The Emerging Church - Part 2
by Gary Gilley
May 2006 - Volume 12, Issue 5)
Our worldview will determine how we process information and in turn what we believe. In theory, at least, Christians should possess a biblical worldview shaped by the study of Scripture. In actuality, too often our philosophy of living (worldview) is formed by other forces around us including our culture. This is an accusation often cast at the evangelical church by the emerging church leaders. They say that evangelicalism has been shaped by modernity – that what we believe is not drawn so much from Scripture as it is from the Enlightenment. This indictment should not be cast aside too quickly; there is some truth to it. We must ever be careful that we trace our beliefs to Scripture and not take detours constructed by men. But having read the specific allegations coming from the emerging camp, I find that most do not hold water and are thrown out more to put us on the defensive and justify their beliefs than to accurately portray the teachings of the conservative church. When the smoke has cleared we discover that our fundamental doctrines find their basis in Scripture after all. But the same cannot be said for emergent teachings. Their doctrines have been more than tainted; they have been fashioned by postmodernity.

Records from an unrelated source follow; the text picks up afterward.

lemma hellinger_ball_contains_L1_ball:
  assumes Y: "Y \<in> sets borel" and f: "f \<in> densities Y" and g0: "g0 \<in> densities Y"
    and "hellinger Y f g0 < r"
  obtains \<eta> :: real where "\<eta> > 0"
    "\<And>g. g \<in> densities Y \<Longrightarrow> (\<integral>\<^sup>+y. ennreal \<bar>g y - g0 y\<bar> \<partial>restrict_space lborel Y) \<le> \<eta>
            \<Longrightarrow> hellinger Y f g < r"
proof -
  define M where "M = restrict_space lborel Y"
  define s0 where "s0 = (\<integral>y. (sqrt (f y) - sqrt (g0 y))\<^sup>2 \<partial>M)"
  have "0 \<le> hellinger Y f g0"
    by (simp add: hellinger_eq_sqrt_integral[OF Y] Bochner_Integration.integral_nonneg)
  then have "r > 0"
    using \<open>hellinger Y f g0 < r\<close> by linarith
  note hellinger_less = hellinger_less_iff[OF Y \<open>r > 0\<close>, of f, folded M_def]
  have "s0 < 2 * r\<^sup>2"
    using \<open>hellinger Y f g0 < r\<close> by (simp add: hellinger_less s0_def)
  define d where "d = (2 * r\<^sup>2 - s0) / 4"
  define \<eta> where "\<eta> = d / (1 / d + 1)"
  have "d > 0"
    using \<open>s0 < 2 * r\<^sup>2\<close> by (simp add: d_def)
  then have "1 / d + 1 > 0"
    by (simp add: add_pos_pos)
  then have "\<eta> > 0" and d_eq: "(1 / d + 1) * \<eta> = d"
    using \<open>d > 0\<close> by (simp_all add: \<eta>_def)
  show ?thesis
  proof
    show "\<eta> > 0" by fact
    fix g assume g: "g \<in> densities Y"
      and close: "(\<integral>\<^sup>+y. ennreal \<bar>g y - g0 y\<bar> \<partial>restrict_space lborel Y) \<le> \<eta>"
    have diff_integrable: "integrable M (\<lambda>y. \<bar>g y - g0 y\<bar>)"
      using densitiesD(3)[OF Y] g g0 by (auto simp: M_def)
    then have "(\<integral>y. \<bar>g y - g0 y\<bar> \<partial>M) \<le> \<eta>"
      using close \<open>\<eta> > 0\<close> nn_integral_eq_integral[OF diff_integrable] by (simp add: M_def ennreal_le_iff)
    then have "(1 / d + 1) * (\<integral>y. \<bar>g y - g0 y\<bar> \<partial>M) \<le> (1 / d + 1) * \<eta>"
      using \<open>1 / d + 1 > 0\<close> by (intro mult_left_mono) auto
    then have L1: "(1 / d + 1) * (\<integral>y. \<bar>g y - g0 y\<bar> \<partial>M) \<le> d"
      using d_eq by simp
    have "s0 + d + x < 2 * r\<^sup>2" if "x \<le> d" for x
      using that \<open>s0 < 2 * r\<^sup>2\<close> by (simp add: d_def field_simps)
    then have "s0 + d + (1 / d + 1) * (\<integral>y. \<bar>g y - g0 y\<bar> \<partial>M) < 2 * r\<^sup>2"
      using L1 .
    moreover have "(\<integral>y. (sqrt (f y) - sqrt (g y))\<^sup>2 \<partial>M) \<le> s0 + d + (1 / d + 1) * (\<integral>y. \<bar>g y - g0 y\<bar> \<partial>M)"
      using hellinger_integral_le_L1[OF Y f g g0 \<open>d > 0\<close>] by (simp add: M_def s0_def)
    ultimately show "hellinger Y f g < r"
      unfolding hellinger_less by linarith
  qed
qed

lemma (in pair_sigma_finite) nn_integral_abs_integral_le:
  fixes F :: "'a \<Rightarrow> 'b \<Rightarrow> real"
  assumes "case_prod F \<in> borel_measurable (M1 \<Otimes>\<^sub>M M2)"
  shows "(\<integral>\<^sup>+x. ennreal \<bar>\<integral>y. F x y \<partial>M2\<bar> \<partial>M1) \<le> (\<integral>\<^sup>+y. \<integral>\<^sup>+x. ennreal \<bar>F x y\<bar> \<partial>M1 \<partial>M2)"
proof -
  have "(\<integral>\<^sup>+x. ennreal \<bar>\<integral>y. F x y \<partial>M2\<bar> \<partial>M1) \<le> (\<integral>\<^sup>+x. \<integral>\<^sup>+y. ennreal \<bar>F x y\<bar> \<partial>M2 \<partial>M1)"
  proof (rule nn_integral_mono)
    fix x
    show "ennreal \<bar>\<integral>y. F x y \<partial>M2\<bar> \<le> (\<integral>\<^sup>+y. ennreal \<bar>F x y\<bar> \<partial>M2)"
      using integral_norm_bound_ennreal[of M2 "F x"]
      by (cases "integrable M2 (F x)") (simp_all add: not_integrable_integral_eq)
  qed
  also have "\<dots> = (\<integral>\<^sup>+y. \<integral>\<^sup>+x. ennreal \<bar>F x y\<bar> \<partial>M1 \<partial>M2)"
    by (rule Fubini'[symmetric]) (use assms in measurable)
  finally show ?thesis .
qed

Let’s take a look through the lens of emergent philosophy at some of the major doctrines.
Emergent Doctrine
In General
Al Mohler, theologian and president of Southern Baptist Seminary in Louisville, Kentucky, provides this scathing comment:
The worldview of postmodernism – complete with an epistemology that denies the possibility of or need for propositional truth – affords the movement an opportunity to hop, skip and jump throughout the Bible and the history of Christian thought in order to take whatever pieces they want from one theology and attach them, like doctrinal post-it notes, to whatever picture they would want to draw.[1]
Most emergent church leaders claim fidelity to the Scriptures as well as the historic doctrines and even creeds of the church. Sounds good on the surface – but then they force these things through the filter of postmodern deconstruction and what comes out are distorted and unrecognizable understandings of theology. Dan Kimball says that the church must “deconstruct, reconstruct, and redefine biblical terms.”[2] Brian McLaren would agree, saying that our old theological systems are flawed and something new is needed.